Myingyan Prison () in Myingyan District was known as the most infamous detention center among Burma's political prisoners for its atrocities from early 1990s to October 1999 when the International Committee of the Red Cross (ICRC) was granted an access to the prison. Before the ICRC visit, several political prisoners died due to starvation and torture.

Prisoners 
Currently, a number of political prisoners including the ex-military intelligence officials are still serving long prison sentences and only three political detainees from the prison were released on April 17, 2011, when the new government granted an amnesty reducing the prison sentences by one year.
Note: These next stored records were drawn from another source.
(* Let $B\colon\mathbb R^{2m}\to\mathbb R^{2m}$ be a linear map with no real eigenvalues, and consider the nondegenerate line fibration of $\mathbb R^{2m+1}$ it generates. This fibration corresponds to a (continuous) great circle fibration of $S^{2m+1}$ if and only if $B$ is invariant on planes.
   Context: Write $\mathbb R^{2m+1}=\mathbb R^{2m}\times\mathbb R$; $B$ generates the family of oriented lines $\{(y+tB(y),\,t):t\in\mathbb R\}$, $y\in\mathbb R^{2m}$, which is a smooth nondegenerate line fibration of $\mathbb R^{2m+1}$ since $B$ has no real eigenvalues. Identify $\mathbb R^{2m+1}$ with the hyperplane $\{x_{2m+2}=1\}\subset\mathbb R^{2m+2}$ tangent to $S^{2m+1}$ at the north pole; each line $\ell$ of the fibration determines the great circle $S^{2m+1}\cap\alpha(\ell)$, where $\alpha(\ell)$ is the linear span of $\ell\times\{1\}$. The fibration corresponds to a great circle fibration if there exists a continuous fibration of $S^{2m+1}$ by oriented great circles whose fibers meeting the open upper hemisphere $\{x_{2m+2}>0\}$ are exactly these great circles. A linear map $B$ with no real eigenvalues is invariant on planes if $B^2(u)\in\mathrm{Span}\{u,B(u)\}$ for every nonzero $u\in\mathbb R^{2m}$. *)

theory Defs
  imports "HOL-Analysis.Analysis"
begin

text \<open>R^{2m} is modelled by a Euclidean space 'a with even dimension;
  R^{2m+1} = 'a \<times> real (last coordinate t), and
  R^{2m+2} = 'a \<times> real \<times> real, the last component being x_{2m+2}.\<close>

definition no_real_eigenvalue :: "('a::real_vector \<Rightarrow> 'a) \<Rightarrow> bool" where
  "no_real_eigenvalue B \<longleftrightarrow> (\<forall>(c::real) u. u \<noteq> 0 \<longrightarrow> B u \<noteq> c *\<^sub>R u)"

definition invariant_on_planes :: "('a::real_vector \<Rightarrow> 'a) \<Rightarrow> bool" where
  "invariant_on_planes B \<longleftrightarrow> (\<forall>u. u \<noteq> 0 \<longrightarrow> B (B u) \<in> span {u, B u})"

text \<open>An oriented great circle through orthonormal a, b (positively oriented
  from a towards b) is represented by its lift to the unit tangent bundle:
  the set of pairs (point, unit tangent vector in the direction of the orientation).\<close>

definition ogc :: "'v::real_vector \<Rightarrow> 'v \<Rightarrow> ('v \<times> 'v) set" where
  "ogc a b = (\<lambda>\<theta>::real. (cos \<theta> *\<^sub>R a + sin \<theta> *\<^sub>R b, (- sin \<theta>) *\<^sub>R a + cos \<theta> *\<^sub>R b)) ` UNIV"
(* Assume $(\mu,\vec w_1,\vec w_2)$ is a perfect combination and let $g=S^{-1}\bar S$ be the Gauss–Borel factorization of its moment matrix. Define, for $l\ge0$, $A^{(l)}_a(x)=\sum_{i\le l,\ a_1(i)=a}S_{l,i}x^{k_1(i)}$ ($a=1,\dots,p_1$) and $\bar A^{(l)}_b(x)=\sum_{j\le l,\ a_2(j)=b}x^{k_2(j)}\bar S'_{j,l}$ ($b=1,\dots,p_2$), where $\bar S'=\bar S^{-1}$. Then: (i) $(A^{(l)}_1,\dots,A^{(l)}_{p_1})$ is the unique tuple of polynomials with $\deg A^{(l)}_a\le\nu_{1,a}(l)-1$, with $A^{(l)}_{a_1(l)}$ monic of degree $\nu_{1,a_1(l)}(l)-1$, and $$\int\Big(\sum_{a=1}^{p_1}A^{(l)}_a(x)w_{1,a}(x)\Big)w_{2,b}(x)x^k\,d\mu(x)=0,\qquad 0\le k\le\nu_{2,b}(l-1)-1,\ b=1,\dots,p_2;$$ i.e. it is the mixed multiple orthogonal polynomial system with degree vectors $[\vec\nu_1(l);\vec\nu_2(l-1)]$ and type II normalization in the component $a_1(l)$. (ii) $(\bar A^{(l)}_1,\dots,\bar A^{(l)}_{p_2})$ is the unique tuple of polynomials with $\deg\bar A^{(l)}_b\le\nu_{2,b}(l)-1$ such that $$\int\Big(\sum_{b=1}^{p_2}\bar A^{(l)}_b(x)w_{2,b}(x)\Big)w_{1,a}(x)x^k\,d\mu(x)=0,\qquad 0\le k\le\nu_{1,a}(l-1)-1,\ a=1,\dots,p_1,$$ and $\int\big(\sum_{b}\bar A^{(l)}_b(x)w_{2,b}(x)\big)w_{1,a_1(l)}(x)x^{\nu_{1,a_1(l)}(l-1)}d\mu(x)=1$; i.e. it is the mixed multiple orthogonal system with degree vectors $[\vec\nu_2(l);\vec\nu_1(l-1)]$ and type I normalization with respect to $a_1(l)$.
   Context: Let $\mu$ be a finite Borel measure on an interval $\Delta\subset\mathbb R$ with infinitely many points in its support, not changing sign, and $w_{1,a}$ ($a=1,\dots,p_1$), $w_{2,b}$ ($b=1,\dots,p_2$) real integrable functions on $\Delta$ not changing sign (all integrals finite). Compositions $\vec n_\ell=(n_{\ell,1},\dots,n_{\ell,p_\ell})\in\mathbb N^{p_\ell}$, $\ell=1,2$, are fixed. Each $i\in\mathbb Z_+$ is uniquely $i=q|\vec n_\ell|+n_{\ell,1}+\dots+n_{\ell,a-1}+r$, $0\le r<n_{\ell,a}$; put $a_\ell(i)=a$, $k_\ell(i)=qn_{\ell,a}+r$. The moment matrix is $g=(g_{i,j})_{i,j\ge0}$, $g_{i,j}=\int x^{k_1(i)+k_2(j)}w_{1,a_1(i)}(x)w_{2,a_2(j)}(x)\,d\mu(x)$. Degree vectors: $\nu_{\ell,a}(i)=\#\{0\le j\le i:a_\ell(j)=a\}$ (so $|\vec\nu_\ell(i)|=i+1$), $\vec\nu_\ell(-1)=0$. The combination $(\mu,\vec w_1,\vec w_2)$ is perfect if for all $\vec\nu_1\in\mathbb Z_+^{p_1}$, $\vec\nu_2\in\mathbb Z_+^{p_2}$ with $|\vec\nu_1|=|\vec\nu_2|+1$, any polynomials $A_1,\dots,A_{p_1}$, not all zero, with $\deg A_a\le\nu_{1,a}-1$ and $\int\sum_aA_aw_{1,a}w_{2,b}x^jd\mu=0$ for $j=0,\dots,\nu_{2,b}-1$, $b=1,\dots,p_2$, satisfy $\deg A_a=\nu_{1,a}-1$ for all $a$. For a perfect combination all $\det g^{[l]}\neq0$, $g^{[l]}=(g_{i,j})_{0\le i,j<l}$, and the Gauss–Borel factorization $g=S^{-1}\bar S$ exists uniquely, with $S$ lower triangular with unit diagonal and $\bar S$ upper triangular with nonzero diagonal (semi-infinite matrices). *)

theory Defs
  imports "HOL-Analysis.Analysis" "HOL-Computational_Algebra.Polynomial"
begin

text \<open>A composition is a nonempty list of positive naturals; its entries are
  indexed 1..length. blk n i is the block index a(i) (in 1..p), kexp n i is k(i).\<close>

definition composition :: "nat list \<Rightarrow> bool" where
  "composition n \<longleftrightarrow> n \<noteq> [] \<and> (\<forall>x\<in>set n. 0 < x)"

definition blk :: "nat list \<Rightarrow> nat \<Rightarrow> nat" where
  "blk n i = (LEAST a. i mod sum_list n < sum_list (take a n))"

definition kexp :: "nat list \<Rightarrow> nat \<Rightarrow> nat" where
  "kexp n i = (i div sum_list n) * (n ! (blk n i - 1))
              + (i mod sum_list n - sum_list (take (blk n i - 1) n))"

text \<open>nuc n a m = #{0 \<le> j < m. a(j) = a}; hence nu_a(i) = nuc n a (i+1) and
  nu_a(-1) = nuc n a 0 = 0.\<close>
definition nuc :: "nat list \<Rightarrow> nat \<Rightarrow> nat \<Rightarrow> nat" where
  "nuc n a m = card {j. j < m \<and> blk n j = a}"

definition moment :: "real measure \<Rightarrow> nat list \<Rightarrow> nat list
    \<Rightarrow> (nat \<Rightarrow> real \<Rightarrow> real) \<Rightarrow> (nat \<Rightarrow> real \<Rightarrow> real) \<Rightarrow> nat \<Rightarrow> nat \<Rightarrow> real" where
  "moment M n1 n2 w1 w2 i j =
     (\<integral>x. x ^ (kexp n1 i + kexp n2 j) * w1 (blk n1 i) x * w2 (blk n2 j) x \<partial>M)"

text \<open>deg A \<le> m - 1 (with deg 0 = -infinity) and deg A = m - 1.\<close>
definition deg_le :: "real poly \<Rightarrow> nat \<Rightarrow> bool" where
  "deg_le A m \<longleftrightarrow> A = 0 \<or> degree A + 1 \<le> m"

definition deg_eq :: "real poly \<Rightarrow> nat \<Rightarrow> bool" where
  "deg_eq A m \<longleftrightarrow> (if m = 0 then A = 0 else A \<noteq> 0 \<and> degree A = m - 1)"

definition perfect :: "real measure \<Rightarrow> nat \<Rightarrow> nat \<Rightarrow> (nat \<Rightarrow> real \<Rightarrow> real)
    \<Rightarrow> (nat \<Rightarrow> real \<Rightarrow> real) \<Rightarrow> bool" where
  "perfect M p1 p2 w1 w2 \<longleftrightarrow>
     (\<forall>\<nu>1 \<nu>2 :: nat \<Rightarrow> nat. (\<Sum>a=1..p1. \<nu>1 a) = (\<Sum>b=1..p2. \<nu>2 b) + 1 \<longrightarrow>
       (\<forall>A :: nat \<Rightarrow> real poly.
          (\<exists>a\<in>{1..p1}. A a \<noteq> 0)
          \<and> (\<forall>a\<in>{1..p1}. deg_le (A a) (\<nu>1 a))
          \<and> (\<forall>b\<in>{1..p2}. \<forall>j<\<nu>2 b.
                (\<integral>x. (\<Sum>a=1..p1. poly (A a) x * w1 a x) * w2 b x * x ^ j \<partial>M) = 0)
          \<longrightarrow> (\<forall>a\<in>{1..p1}. deg_eq (A a) (\<nu>1 a))))"

definition measure_support :: "real measure \<Rightarrow> real set" where
  "measure_support M = {x. \<forall>e>0. emeasure M (ball x e) \<noteq> 0}"
lemma extend_completion_by_column:
  fixes U V F W W' :: "nat \<Rightarrow> nat \<Rightarrow> 'a::comm_ring_1"
  assumes "k < K" and UV: "inverse_mats K U V" and WW': "inverse_mats K W W'"
    and U_F: "\<forall>i<K. \<forall>j<k. U i j = F i j"
    and W_id: "\<forall>i<K. \<forall>j<k. W i j = id_mat i j" and W_col: "\<forall>i<K. W i k = mat_mult K V F i k"
  shows "inverse_mats K (mat_mult K U W) (mat_mult K W' V)"
    and "\<forall>i<K. \<forall>j<Suc k. mat_mult K U W i j = F i j"
proof -
  show "inverse_mats K (mat_mult K U W) (mat_mult K W' V)"
    using UV WW' by (rule inverse_mats_mult)
  have "mat_mult K U W i j = F i j" if "i < K" "j < k" for i j
  proof -
    have "mat_mult K U W i j = mat_mult K U id_mat i j"
      using W_id that \<open>k < K\<close> by (intro mat_mult_cong) auto
    then show ?thesis
      using U_F that \<open>k < K\<close> by (simp add: mat_mult_id_right)
  qed
  moreover have "mat_mult K U W i k = F i k" if "i < K" for i
  proof -
    have "mat_mult K U W i k = mat_mult K U (mat_mult K V F) i k"
      using W_col by (intro mat_mult_cong) auto
    also have "\<dots> = mat_mult K (mat_mult K U V) F i k"
      by (simp only: mat_mult_assoc)
    also have "\<dots> = mat_mult K id_mat F i k"
      using UV that by (intro mat_mult_cong) (auto simp: inverse_mats_def)
    finally show ?thesis
      using that by (simp add: mat_mult_id_left)
  qed
  ultimately show "\<forall>i<K. \<forall>j<Suc k. mat_mult K U W i j = F i j"
    using less_Suc_eq by auto
qed

lemma bounded_completion_step:
  fixes F G U V :: "nat \<Rightarrow> nat \<Rightarrow> 'a::real_normed_field"
  assumes "k < K"
    and F_le: "\<forall>i<K. \<forall>j<Suc k. norm (F i j) \<le> M"
    and G_le: "\<forall>i<Suc k. \<forall>j<K. norm (G i j) \<le> M"
    and G_F: "\<forall>i<Suc k. \<forall>j<Suc k. mat_mult K G F i j = id_mat i j"
    and U_le: "mat_bounded K U C" and V_le: "mat_bounded K V C" and UV: "inverse_mats K U V"
    and U_F: "\<forall>i<K. \<forall>j<k. U i j = F i j"
  defines "B \<equiv> 1 + 15 * (real K * (C * M) + 1)\<^sup>2"
  shows "\<exists>U' V'. mat_bounded K U' (real K * (C * B)) \<and> mat_bounded K V' (real K * (C * B))
    \<and> inverse_mats K U' V' \<and> (\<forall>i<K. \<forall>j<Suc k. U' i j = F i j)"
proof -
  have "\<forall>i<K. norm (mat_mult K V F i k) \<le> real K * (C * M)"
    using V_le F_le \<open>k < K\<close> unfolding mat_bounded_def by (auto intro!: norm_mat_mult_le)
  moreover have "\<forall>j<K. norm (mat_mult K G U k j) \<le> real K * (C * M)"
    using U_le G_le \<open>k < K\<close> norm_mat_mult_le[of K G k M U _ C]
    unfolding mat_bounded_def by (auto simp: mult.commute)
  ultimately obtain W W' where "mat_bounded K W B" "mat_bounded K W' B"
    and WW': "inverse_mats K W W'"
    and "\<forall>i<K. \<forall>j<k. W i j = id_mat i j" "\<forall>i<K. W i k = mat_mult K V F i k"
    using column_completion[OF \<open>k < K\<close> next_column_unimodular[OF \<open>k < K\<close> UV U_F G_F]]
    unfolding B_def by blast
  with extend_completion_by_column[OF \<open>k < K\<close> UV WW' U_F] U_le V_le show ?thesis
    by (metis mat_bounded_mult mult.commute)
qed

lemma bounded_completion:
  fixes F G :: "'n \<Rightarrow> nat \<Rightarrow> nat \<Rightarrow> 'a::real_normed_field"
  assumes "k \<le> K"
    and "\<forall>n. \<forall>i<K. \<forall>j<k. norm (F n i j) \<le> M" and "\<forall>n. \<forall>i<k. \<forall>j<K. norm (G n i j) \<le> M"
    and "\<forall>n. \<forall>i<k. \<forall>j<k. mat_mult K (G n) (F n) i j = id_mat i j"
  shows "\<exists>C. \<forall>n. \<exists>U V. mat_bounded K U C \<and> mat_bounded K V C \<and> inverse_mats K U V
    \<and> (\<forall>i<K. \<forall>j<k. U i j = F n i j)"
  using assms
proof (induction k)
  case 0
  have "mat_bounded K (id_mat :: nat \<Rightarrow> nat \<Rightarrow> 'a) 1"
    by (simp add: mat_bounded_def id_mat_def)
  then show ?case
    using inverse_mats_id by blast
next
  case (Suc k)
  have "\<exists>C. \<forall>n. \<exists>U V. mat_bounded K U C \<and> mat_bounded K V C \<and> inverse_mats K U V
      \<and> (\<forall>i<K. \<forall>j<k. U i j = F n i j)"
    using Suc.prems by (intro Suc.IH) auto
  then obtain C where IH: "\<forall>n. \<exists>U V. mat_bounded K U C \<and> mat_bounded K V C \<and> inverse_mats K U V
      \<and> (\<forall>i<K. \<forall>j<k. U i j = F n i j)" ..
  let ?C = "real K * (C * (1 + 15 * (real K * (C * M) + 1)\<^sup>2))"
  show ?case
  proof (intro exI[of _ ?C] allI)
    fix n
    from IH obtain U V where "mat_bounded K U C" "mat_bounded K V C" "inverse_mats K U V"
      "\<forall>i<K. \<forall>j<k. U i j = F n i j"
      by blast
    with Suc.prems show "\<exists>U V. mat_bounded K U ?C \<and> mat_bounded K V ?C \<and> inverse_mats K U V
        \<and> (\<forall>i<K. \<forall>j<Suc k. U i j = F n i j)"
      by (intro bounded_completion_step[where G = "G n"]) auto
  qed
qed

section \<open>\<open>A(p)\<close> as the ring of bounded sequences\<close>

lemma Bseq_sum:
  fixes f :: "'i \<Rightarrow> nat \<Rightarrow> 'a::real_normed_vector"
  shows "(\<And>l. l \<in> S \<Longrightarrow> Bseq (f l)) \<Longrightarrow> Bseq (\<lambda>n. \<Sum>l\<in>S. f l n)"
proof (induction S rule: infinite_finite_induct)
  case (insert l S)
  then obtain K L where "\<And>n. norm (f l n) \<le> K" "\<And>n. norm (\<Sum>l\<in>S. f l n) \<le> L"
    by (metis BseqE insertCI)
  then have "norm (\<Sum>l\<in>insert l S. f l n) \<le> K + L" for n
    using insert.hyps by (simp add: norm_triangle_le add_mono)
  then show ?case by (rule BseqI')
qed simp_all

lemma Bseq_finite_uniform_bound:
  fixes f :: "'i \<Rightarrow> nat \<Rightarrow> 'a::real_normed_vector"
  assumes "finite S" "\<And>x. x \<in> S \<Longrightarrow> Bseq (f x)"
  shows "\<exists>M. \<forall>x\<in>S. \<forall>n. norm (f x n) \<le> M"
proof -
  have "\<forall>x\<in>S. \<exists>M. \<forall>n. norm (f x n) \<le> M"
    using assms(2) by (meson BseqE)
  from bchoice[OF this] obtain M where "\<forall>x\<in>S. \<forall>n. norm (f x n) \<le> M x"
    by blast
  then have "\<forall>x\<in>S. \<forall>n. norm (f x n) \<le> Max (M ` S)"
    using assms(1) by (meson Max_ge finite_imageI image_eqI order_trans)
  then show ?thesis ..
qed

lemma Ap_mat_hcat: "Ap_mat p r k A \<Longrightarrow> Ap_mat p r (c - k) B \<Longrightarrow> Ap_mat p r c (hcat k A B)"
  by (simp add: Ap_mat_def hcat_def)

definition Ap_of_seq :: "(nat \<Rightarrow> real) \<Rightarrow> (nat \<Rightarrow> complex) \<Rightarrow> complex \<Rightarrow> complex" where
  "Ap_of_seq p b = (\<lambda>z. \<Sum>n. b n / of_real (p n) * z ^ n)"

definition Ap_coeffs :: "(nat \<Rightarrow> real) \<Rightarrow> (complex \<Rightarrow> complex) \<Rightarrow> nat \<Rightarrow> complex" where
  "Ap_coeffs p f n = of_real (p n) * tcoeff f n"

locale rapid_weight =
  fixes p :: "nat \<Rightarrow> real"
  assumes weight_pos: "\<And>n. p n > 0"
    and weight_root_growth: "filterlim (\<lambda>n. root n (p n)) at_top sequentially"
begin

lemma summable_Ap_of_seq:
  fixes b :: "nat \<Rightarrow> complex"
  assumes "Bseq b"
  shows "summable (\<lambda>n. b n / of_real (p n) * z ^ n)"
proof -
  obtain C where C: "\<And>n. norm (b n) \<le> C"
    using assms by (meson BseqE)
  have "eventually (\<lambda>n. 2 * norm z + 1 \<le> root n (p n)) sequentially"
    using weight_root_growth by (simp add: filterlim_at_top)
  with eventually_gt_at_top[of 0]
  have "eventually (\<lambda>n. norm (b n / of_real (p n) * z ^ n) \<le> C * (1/2) ^ n) sequentially"
  proof eventually_elim
    case (elim n)
    have "(2 * norm z) ^ n \<le> root n (p n) ^ n"
      using elim by (intro power_mono) auto
    also have "\<dots> = p n"
      using elim weight_pos by (simp add: real_root_pow_pos)
    finally have "norm z ^ n / p n \<le> (1/2) ^ n"
      using weight_pos[of n] by (simp add: field_simps power_mult_distrib)
    moreover have "0 \<le> C"
      using C[of 0] by (auto intro: order_trans[OF norm_ge_zero])
    moreover have "norm (b n / of_real (p n) * z ^ n) = norm (b n) * (norm z ^ n / p n)"
      using weight_pos[of n] by (simp add: norm_mult norm_divide norm_power)
    ultimately show ?case
      using mult_mono[OF C[of n], of "norm z ^ n / p n" "(1/2) ^ n"] weight_pos[of n]
      by (simp add: zero_le_divide_iff)
  qed
  then show ?thesis
    by (rule summable_comparison_test_ev) (simp add: summable_geometric)
qed
lemma hamming_distance_form_eq_0_imp:
  fixes c :: "'p \<Rightarrow> real"
  assumes "finite S" "(\<Sum>p\<in>J. c p) = 0" "\<And>p k. p \<in> J \<Longrightarrow> k < n \<Longrightarrow> w p ! k \<in> S"
    and "(\<Sum>p\<in>J. \<Sum>p'\<in>J. c p * c p' * real (hamming_dist n (w p) (w p'))) = 0"
    and "k < n" "a \<in> S"
  shows "(\<Sum>p\<in>J. c p * of_bool (w p ! k = a)) = 0"
proof -
  have "(\<Sum>(k, a)\<in>{..<n} \<times> S. (\<Sum>p\<in>J. c p * of_bool (w p ! k = a))\<^sup>2) = 0"
    using hamming_distance_form[OF assms(1-3)] assms(4) by simp
  then have "\<forall>(k, a)\<in>{..<n} \<times> S. (\<Sum>p\<in>J. c p * of_bool (w p ! k = a))\<^sup>2 = 0"
    using assms(1) by (subst (asm) sum_nonneg_eq_0_iff) auto
  then show ?thesis using assms(5,6) by auto
qed

text \<open>\<open>test_word n (0, 1)\<close> is the all-ones word.\<close>
definition test_word :: "nat \<Rightarrow> nat \<times> nat \<Rightarrow> nat list" where
  "test_word n p = (replicate n 1)[fst p := snd p]"

lemma test_word_nth: "k < n \<Longrightarrow> test_word n p ! k = (if k = fst p then snd p else 1)"
  by (simp add: test_word_def nth_list_update)

lemma test_word_in_hamming_vertices:
  assumes "snd p \<in> {1..q}"
  shows "test_word n p \<in> hamming_vertices n q"
proof -
  have "set (test_word n p) \<subseteq> insert (snd p) (set (replicate n 1))"
    unfolding test_word_def by (rule set_update_subset_insert)
  also have "\<dots> \<subseteq> {1..q}"
    using assms by auto
  finally show ?thesis
    by (simp add: hamming_vertices_def test_word_def)
qed
lemma admissible_mask_iff:
  "admissible_mask \<phi> lam d a \<longleftrightarrow> reproduces d (lin_scheme lam a) \<and>
     (\<forall>i\<in>{0, 1}. \<exists>r. degree r \<le> d \<and> (\<forall>m\<in>Mset lam i. a m = wt \<phi> lam m * poly r (of_int m)))"
proof -
  have "(\<exists>\<alpha>\<in>carrier_vec (d + 1). submask lam a i = Wmat \<phi> lam i *\<^sub>v (Xmat lam d i *\<^sub>v \<alpha>))
      \<longleftrightarrow> (\<exists>r. degree r \<le> d \<and> (\<forall>m\<in>Mset lam i. a m = wt \<phi> lam m * poly r (of_int m)))" for i
  proof
    assume "\<exists>\<alpha>\<in>carrier_vec (d + 1). submask lam a i = Wmat \<phi> lam i *\<^sub>v (Xmat lam d i *\<^sub>v \<alpha>)"
    then show "\<exists>r. degree r \<le> d \<and> (\<forall>m\<in>Mset lam i. a m = wt \<phi> lam m * poly r (of_int m))"
      using submask_eq_Wmat_Xmat_iff degree_poly_of_vec by blast
  next
    assume "\<exists>r. degree r \<le> d \<and> (\<forall>m\<in>Mset lam i. a m = wt \<phi> lam m * poly r (of_int m))"
    then obtain r where "degree r \<le> d" "\<forall>m\<in>Mset lam i. a m = wt \<phi> lam m * poly r (of_int m)"
      by blast
    then show "\<exists>\<alpha>\<in>carrier_vec (d + 1). submask lam a i = Wmat \<phi> lam i *\<^sub>v (Xmat lam d i *\<^sub>v \<alpha>)"
      using submask_eq_Wmat_Xmat_iff[of "vec (d + 1) (coeff r)"] poly_of_vec_coeff
      by (metis vec_carrier)
  qed
  then show ?thesis unfolding admissible_mask_def by simp
qed

lemma wlpr_eq_lsq_fit:
  assumes "poly_wls (Mset lam (k mod 2)) of_int (wt \<phi> lam) d"
  shows "wlpr \<phi> lam d f k = poly (poly_wls.lsq_fit (Mset lam (k mod 2)) of_int (wt \<phi> lam) d
      (\<lambda>m. f (k div 2 + (m + k mod 2) div 2))) 0"
  by (simp add: wlpr_def wls_obj_def poly_wls.lsq_fit_def[OF assms] poly_wls.lsq_error_def[OF assms] Let_def)

lemma admissible_mask_lin_scheme_eq_wlpr:
  assumes wls: "\<And>i. i \<in> {0, 1} \<Longrightarrow> poly_wls (Mset lam i) of_int (wt \<phi> lam) d"
    and adm: "admissible_mask \<phi> lam d a"
  shows "lin_scheme lam a = wlpr \<phi> lam d"
proof (intro ext)
  fix f and k :: int
  have i: "k mod 2 \<in> {0, 1}" by auto
  interpret poly_wls "Mset lam (k mod 2)" of_int "wt \<phi> lam" d by (rule wls[OF i])
  have exact: "\<forall>i\<in>{0, 1}. exact_at_0 d (Mset lam i) of_int a"
    and weighted: "\<forall>i\<in>{0, 1}. \<exists>r. degree r \<le> d \<and> (\<forall>m\<in>Mset lam i. a m = wt \<phi> lam m * poly r (of_int m))"
    using adm unfolding admissible_mask_iff reproduces_lin_scheme_iff by auto
  obtain r where "degree r \<le> d" "\<forall>m\<in>Mset lam (k mod 2). a m = wt \<phi> lam m * poly r (of_int m)"
    using bspec[OF weighted i] by blast
  moreover note bspec[OF exact i]
  ultimately show "lin_scheme lam a f k = wlpr \<phi> lam d f k"
    unfolding wlpr_eq_lsq_fit[OF wls[OF i]] by (simp add: poly_lsq_fit_0 lin_scheme_def Let_def)
qed

lemma admissible_mask_exists:
  assumes wls: "\<And>i. i \<in> {0, 1} \<Longrightarrow> poly_wls (Mset lam i) of_int (wt \<phi> lam) d"
  shows "\<exists>a. admissible_mask \<phi> lam d a"
proof -
  have "\<forall>i\<in>{0, 1}. \<exists>r. degree r \<le> d \<and> exact_at_0 d (Mset lam i) of_int (\<lambda>m. wt \<phi> lam m * poly r (of_int m))"
    using poly_wls.exact_weighted_rule_exists[OF wls] by blast
  then obtain r where r: "\<And>i. i \<in> {0, 1} \<Longrightarrow>
      degree (r i) \<le> d \<and> exact_at_0 d (Mset lam i) of_int (\<lambda>m. wt \<phi> lam m * poly (r i) (of_int m))"
    by metis
  define a where "a m = wt \<phi> lam m * poly (r (m mod 2)) (of_int m)" for m
  have a_on: "a m = wt \<phi> lam m * poly (r i) (of_int m)" if "m \<in> Mset lam i" for i m
    using Mset_mod[OF that] by (simp add: a_def)
  have "admissible_mask \<phi> lam d a"
    unfolding admissible_mask_iff reproduces_lin_scheme_iff
  proof (intro conjI ballI)
    fix i :: int assume i: "i \<in> {0, 1}"
    show "exact_at_0 d (Mset lam i) of_int a"
      using r[OF i] exact_at_0_cong[of "Mset lam i" a] a_on by simp
    show "\<exists>r. degree r \<le> d \<and> (\<forall>m\<in>Mset lam i. a m = wt \<phi> lam m * poly r (of_int m))"
      using r[OF i] a_on by blast
  qed
  then show ?thesis by blast
qed

theorem theorem3p4:
  fixes \<phi> :: "real \<Rightarrow> real" and lam :: real and d :: nat
  assumes phi_range: "\<And>x. 0 \<le> x \<Longrightarrow> x \<le> 1 \<Longrightarrow> 0 \<le> \<phi> x \<and> \<phi> x \<le> 1"
    and phi_mono: "\<And>x y. 0 \<le> x \<Longrightarrow> x \<le> y \<Longrightarrow> y \<le> 1 \<Longrightarrow> \<phi> y \<le> \<phi> x"
    and phi0: "\<phi> 0 = 1"
    and lam_pos: "0 < lam"
    and lam_not_nat: "lam \<notin> \<nat>"
    and inv: "\<And>i. i \<in> {0, 1} \<Longrightarrow>
       invertible_mat (transpose_mat (Xmat lam d i) * Wmat \<phi> lam i * Xmat lam d i)"
  shows "(\<exists>a. admissible_mask \<phi> lam d a \<and> lin_scheme lam a = wlpr \<phi> lam d) \<and>
         (\<forall>a. admissible_mask \<phi> lam d a \<longrightarrow> lin_scheme lam a = wlpr \<phi> lam d)"
proof -
  have "\<And>m. 0 \<le> wt \<phi> lam m" using phi_range by (simp add: wt_def omega_def)
  then have wls: "\<And>i. i \<in> {0, 1} \<Longrightarrow> poly_wls (Mset lam i) of_int (wt \<phi> lam) d"
    using poly_wls_Mset inv by blast
  show ?thesis
    using admissible_mask_exists[OF wls] admissible_mask_lin_scheme_eq_wlpr[OF wls] by blast
qed

end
Some of the most prominent political prisoners are KIA commando Zaw Saing, ex-Gen Khing Aung, ex-Gen Thein Swe and Myo Min Htike, a student activist serving a 53-year jail term since 1998.

Atrocities 
One account describing prison practices include an order for a group of political prisoners to spend hours catching flies, shining the iron cell doors, and polishing the bare ground in their cells with the base of a small bottle. There are also instances when prisoners were interrogated for months and being they are transferred to prison or isolation cells and subjected to repeated degradation. The oppressive heat also often aggravate the passions inside the prison. For instance, it was said that parched criminals turn the prison into the worst of worst, smashing jailed politicians while wardens looked on laughing. The violence was recently demonstrated in the case of a 2016 prison melee where inmates engaged in violent clash after one prisoner was ordered into solitary confinement.